Some Organism's Nucleotide Information Container
Library only:
make
Standalone SONIC builder:
make exe
sonic --ref hg19.fasta --dups hg19.dups.bed --reps hg19_repeats.out --gaps hg19.gap.bed --make-sonic ucsc_hg19.sonic --info "UCSC_hg19"
Duplications and gaps are expected in BED format. Repeats are in RepeatMasker .out format.
int sonic_build(char *ref_genome, char *gaps, char *reps, char *dups, char *info, char *sonic);
ref_genome: path to the reference genome file (FASTA) [input]. Also requires the ref_genome.fai file in the same directory (samtools faidx).
gaps: path to the gaps file (BED) [input].
reps: path to the repeat annotation file (UCSC/RepeatMasker .out) [input].
dups: path to the segmental duplications annotation file (BED) [input].
info: information string to annotate the SONIC file [input].
sonic: path to the SONIC file [output].
RETURN VALUES:
1: success
5: file open error
7: annotation files error
sonic *sonic_load(char *sonic_file_name);
sonic_file_name: path to the SONIC file [input].
RETURN VALUE:
a SONIC.
sonic_interval *sonic_intersect(sonic *sonic, char *chromosome, int start, int end, sonic_interval_type interval_type);
sonic: Loaded SONIC.
chromosome: name of the chromosome of the interval of interest.
start: start coordinate of the interval of interest (inclusive -- BED-like).
end: end coordinate of the interval of interest (exclusive -- BED-like).
interval_type:
SONIC_GAP: search gap annotation.
SONIC_DUP: search segmental duplication annotation.
SONIC_REP: search repeats annotation.
RETURN VALUE:
pointer to a SONIC interval data structure on success.
NULL if not found.
int sonic_is_satellite(sonic *sonic, char *chromosome, int start, int end);
sonic: Loaded SONIC.
chromosome: name of the chromosome of the interval of interest.

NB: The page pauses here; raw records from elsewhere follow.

(* Fix an integer $m\ge 2$. For $n\ge m$, let $\widehat{\bm Q}\in\mathbb{R}^{n\times(m-1)}$ be a random matrix uniformly (Haar) distributed on the set of $n\times(m-1)$ matrices with orthonormal columns all orthogonal to $\bm\xi_n$, let $\bm Q=[\widehat{\bm Q}\ \ \bm\xi_n]^T\in\mathbb{R}^{m\times n}$, and let \[ \bm W=[W_{ij}]=\bm L\bm Q+\frac{1}{\sqrt{mn}}\bm J_{m\times n}, \] where $\bm L\in\mathbb{R}^{m\times m}$ is given by $L_{ii}=\sqrt{\frac{m-i}{m-i+1}}$ for $i<m$, $L_{ij}=-\frac{1}{\sqrt{(m-j+1)(m-j)}}$ for $1\le j<i\le m$, and $L_{ij}=0$ otherwise. Then for every $C>2$, \[ \mathbb{P}\left(\max_{1\le i\le m,\,1\le j\le n}|W_{ij}|\ge C\sqrt{\frac{\log n}{n}}+\frac{1}{\sqrt{mn}}\right)\to 0\quad\text{as } n\to\infty. \]
   Context: $\bm 1_k$ denotes the all-ones vector in $\mathbb{R}^k$, $\bm\xi_k=\frac{1}{\sqrt k}\bm 1_k$, and $\bm J_{m\times n}$ is the $m\times n$ all-ones matrix. $\bm L$ is the Cholesky factor of $\bm I_m-\frac1m\bm J_m$. *)

theory Defs
  imports "HOL-Probability.Probability"
begin

text \<open>All matrices are represented as functions on index pairs, with 1-based indices.
  A random n x k matrix takes values in PiM ({1..n} x {1..k}) (\<lambda>_. borel).\<close>

definition mat_space :: "nat \<Rightarrow> nat \<Rightarrow> (nat \<times> nat \<Rightarrow> real) measure" where
  "mat_space n k = PiM ({1..n} \<times> {1..k}) (\<lambda>_. borel)"

definition stiefel_perp :: "nat \<Rightarrow> nat \<Rightarrow> (nat \<times> nat \<Rightarrow> real) set" where
  "stiefel_perp n k = {Q \<in> PiE ({1..n} \<times> {1..k}) (\<lambda>_. UNIV).
     (\<forall>j\<in>{1..k}. \<forall>l\<in>{1..k}. (\<Sum>i=1..n. Q (i,j) * Q (i,l)) = (if j = l then 1 else 0)) \<and>
     (\<forall>j\<in>{1..k}. (\<Sum>i=1..n. Q (i,j) / sqrt (real n)) = 0)}"

definition orth_fix_xi :: "nat \<Rightarrow> (nat \<times> nat \<Rightarrow> real) set" where
  "orth_fix_xi n = {U. (\<forall>i\<in>{1..n}. \<forall>j\<in>{1..n}.
        (\<Sum>k=1..n. U (k,i) * U (k,j)) = (if i = j then 1 else 0)) \<and>
     (\<forall>i\<in>{1..n}. (\<Sum>j=1..n. U (i,j) * (1 / sqrt (real n))) = 1 / sqrt (real n))}"

definition lmul :: "nat \<Rightarrow> nat \<Rightarrow> (nat \<times> nat \<Rightarrow> real) \<Rightarrow> (nat \<times> nat \<Rightarrow> real) \<Rightarrow> (nat \<times> nat \<Rightarrow> real)" where
  "lmul n k U Q = restrict (\<lambda>(i,j). \<Sum>l=1..n. U (i,l) * Q (l,j)) ({1..n} \<times> {1..k})"

text \<open>X is Haar (uniformly) distributed on stiefel_perp n k: it is supported on that set and its
  law is invariant under every orthogonal transformation fixing xi_n (the unique such law).\<close>
definition haar_stiefel_perp :: "'a measure \<Rightarrow> nat \<Rightarrow> nat \<Rightarrow> ('a \<Rightarrow> nat \<times> nat \<Rightarrow> real) \<Rightarrow> bool" where
  "haar_stiefel_perp M n k X \<longleftrightarrow>
     X \<in> measurable M (mat_space n k) \<and>
     (AE \<omega> in M. X \<omega> \<in> stiefel_perp n k) \<and>
     (\<forall>U\<in>orth_fix_xi n. distr M (mat_space n k) (\<lambda>\<omega>. lmul n k U (X \<omega>)) = distr M (mat_space n k) X)"

definition Lmat :: "nat \<Rightarrow> nat \<Rightarrow> nat \<Rightarrow> real" where
  "Lmat m i j =
     (if i = j \<and> i < m then sqrt ((real m - real i) / (real m - real i + 1))
      else if 1 \<le> j \<and> j < i \<and> i \<le> m then - 1 / sqrt ((real m - real j + 1) * (real m - real j))
      else 0)"

definition Qmat :: "nat \<Rightarrow> nat \<Rightarrow> (nat \<times> nat \<Rightarrow> real) \<Rightarrow> nat \<Rightarrow> nat \<Rightarrow> real" where
  "Qmat m n Qh r k = (if r < m then Qh (k, r) else 1 / sqrt (real n))"

definition Wmat :: "nat \<Rightarrow> nat \<Rightarrow> (nat \<times> nat \<Rightarrow> real) \<Rightarrow> nat \<Rightarrow> nat \<Rightarrow> real" where
  "Wmat m n Qh i k = (\<Sum>r=1..m. Lmat m i r * Qmat m n Qh r k) + 1 / sqrt (real m * real n)"

end

theory Submission
  imports Defs "HOL-Probability.Hoeffding"
begin

(* For a sign vector s with s_n = 1, the matrix D_s = H^T diag(s) H is orthogonal and fixes xi_n,
  because the last row of the Hartley (real Fourier) basis H is xi_n; so the law of Qhat is
  invariant under Qhat |-> D_s Qhat. The entries of W - J/sqrt(mn) = L Q are the coordinates of
  the rows v of L Qhat^T (the last column of L vanishes), and each such v sums to 0 and has norm
  at most 1. Hence (D_s v)_k is the Rademacher sum  sum_{j<n} s_j H_{jk} (H v)_j, whose
  coefficients have squares summing to at most 2/n. Averaging over all 2^(n-1) sign vectors and
  using Chernoff's bound, each entry exceeds t in absolute value with probability at most
  2 exp(-n t^2/4); a union bound over the mn entries at t = C sqrt(log n / n) gives
  2 m n^(1 - C^2/4), which tends to 0 for C > 2. *)

section \<open>Rademacher sums\<close>

lemma cosh_le_exp_square_half:
  fixes x :: real
  shows "cosh x \<le> exp (x\<^sup>2 / 2)"
proof -
  have "cosh x \<le> exp (x\<^sup>2 / 2)" if "x \<ge> 0" for x :: real
  proof -
    have "-(2*x) * (1/2) + ln (1 + (1/2) * (exp (2*x) - 1)) \<le> (2*x)\<^sup>2 / 8"
      using Hoeffdings_lemma_aux[of "2*x" "1/2"] that by simp
    then have "ln ((1 + exp (2*x)) / 2) \<le> x + x\<^sup>2 / 2"
      by (simp add: power2_eq_square algebra_simps add_divide_distrib)
    then have le: "1 + exp (2*x) \<le> 2 * exp (x + x\<^sup>2 / 2)"
      using ln_le_cancel_iff[of "(1 + exp (2*x)) / 2" "exp (x + x\<^sup>2 / 2)"]
      by (simp add: add_pos_pos field_simps)
    have "2 * cosh x = (1 + exp (2*x)) * exp (-x)"
      by (simp add: cosh_field_def distrib_right flip: exp_add)
    also have "\<dots> \<le> 2 * exp (x + x\<^sup>2 / 2) * exp (-x)"
      using le by (rule mult_right_mono) simp
    also have "\<dots> = 2 * exp (x\<^sup>2 / 2)"
      by (simp add: mult.assoc flip: exp_add)
    finally show ?thesis by simp
  qed
  from this[of x] this[of "-x"] show ?thesis
    by (cases "x \<ge> 0") auto
qed

definition sign_vec :: "'a set \<Rightarrow> 'a \<Rightarrow> real" where
  "sign_vec S j = (if j \<in> S then -1 else 1)"

lemma sum_Pow_exp_sign_vec:
  assumes "finite A"
  shows "(\<Sum>S\<in>Pow A. exp (l * (\<Sum>j\<in>A. sign_vec S j * c j))) = (\<Prod>j\<in>A. 2 * cosh (l * c j))"
  using assms
proof (induction A rule: finite_induct)
  case empty
  then show ?case by simp
next
  case (insert a A)
  let ?F = "\<lambda>S. exp (l * (\<Sum>j\<in>A. sign_vec S j * c j))"
  have inj: "inj_on (insert a) (Pow A)"
    using insert.hyps by (intro inj_onI) (metis PowD insert_ident subset_iff)
  have unflipped: "(\<Sum>j\<in>insert a A. sign_vec S j * c j) = c a + (\<Sum>j\<in>A. sign_vec S j * c j)"
    if "S \<in> Pow A" for S
    using that insert.hyps by (auto simp: sign_vec_def)
  have flipped: "(\<Sum>j\<in>insert a A. sign_vec (insert a S) j * c j) = - c a + (\<Sum>j\<in>A. sign_vec S j * c j)"
    if "S \<in> Pow A" for S
  proof -
    have "(\<Sum>j\<in>A. sign_vec (insert a S) j * c j) = (\<Sum>j\<in>A. sign_vec S j * c j)"
      using insert.hyps by (intro sum.cong refl) (auto simp: sign_vec_def)
    then show ?thesis using insert.hyps by (simp add: sign_vec_def)
  qed
  have "(\<Sum>S\<in>Pow (insert a A). exp (l * (\<Sum>j\<in>insert a A. sign_vec S j * c j)))
      = (\<Sum>S\<in>Pow A. exp (l * (\<Sum>j\<in>insert a A. sign_vec S j * c j)))
        + (\<Sum>S\<in>Pow A. exp (l * (\<Sum>j\<in>insert a A. sign_vec (insert a S) j * c j)))"
    unfolding Pow_insert using inj insert.hyps
    by (subst sum.union_disjoint) (auto simp: sum.reindex)
  also have "\<dots> = (\<Sum>S\<in>Pow A. exp (l * c a) * ?F S) + (\<Sum>S\<in>Pow A. exp (- (l * c a)) * ?F S)"
    by (intro arg_cong2[where f="(+)"] sum.cong refl)
      (simp_all add: unflipped flipped distrib_left right_diff_distrib flip: exp_add)
  also have "\<dots> = (exp (l * c a) + exp (- (l * c a))) * (\<Sum>S\<in>Pow A. ?F S)"
    by (simp only: distrib_right sum_distrib_left sum.distrib)
  also have "\<dots> = 2 * cosh (l * c a) * (\<Sum>S\<in>Pow A. ?F S)"
    by (simp add: cosh_field_def)
  also have "\<dots> = (\<Prod>j\<in>insert a A. 2 * cosh (l * c j))"
    using insert by simp
  finally show ?case .
qed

start: start coordinate of the interval of interest (inclusive -- BED-like).
end: end coordinate of the interval of interest (exclusive -- BED-like).
RETURN VALUE:
1 if the interval is in a satellite region.
0 if it is not.
int sonic_is_gap(sonic *sonic, char *chromosome, int start, int end);
sonic: Loaded SONIC.
chromosome: name of the chromosome of the interval of interest.
start: start coordinate of the interval of interest (inclusive -- BED-like).
end: end coordinate of the interval of interest (exclusive -- BED-like).
RETURN VALUE:
1 if the interval is in a gap region.
0 if it is not.
int sonic_is_segmental_duplication(sonic *sonic, char *chromosome, int start, int end);
sonic: Loaded SONIC.
chromosome: name of the chromosome of the interval of interest.
start: start coordinate of the interval of interest (inclusive -- BED-like).
end: end coordinate of the interval of interest (exclusive -- BED-like).
RETURN VALUE:
1 if the interval is in a segmental duplication region.
0 if it is not.
sonic_repeat *sonic_is_mobile_element(sonic *sonic, char *chromosome, int start, int end, char *mei_string);
sonic: Loaded SONIC.
chromosome: name of the chromosome of the interval of interest.
start: start coordinate of the interval of interest (inclusive -- BED-like).
end: end coordinate of the interval of interest (exclusive -- BED-like).
mei_string: a colon-seperated of MEI keywords, i.e. "Alu:L1:HERV".
RETURN VALUE:
pointer to a SONIC repeat data structure if the interval hits a mobile element.
NULL if it is not.
float sonic_get_gc_content(sonic *sonic, char *chromosome, int start, int end);
sonic: Loaded SONIC.
chromosome: name of the chromosome of the interval of interest.
start: start coordinate of the interval of interest (inclusive -- BED-like).
end: end coordinate of the interval of interest (exclusive -- BED-like).
RETURN VALUE:
GC% over the region, returned in [0-100] interval.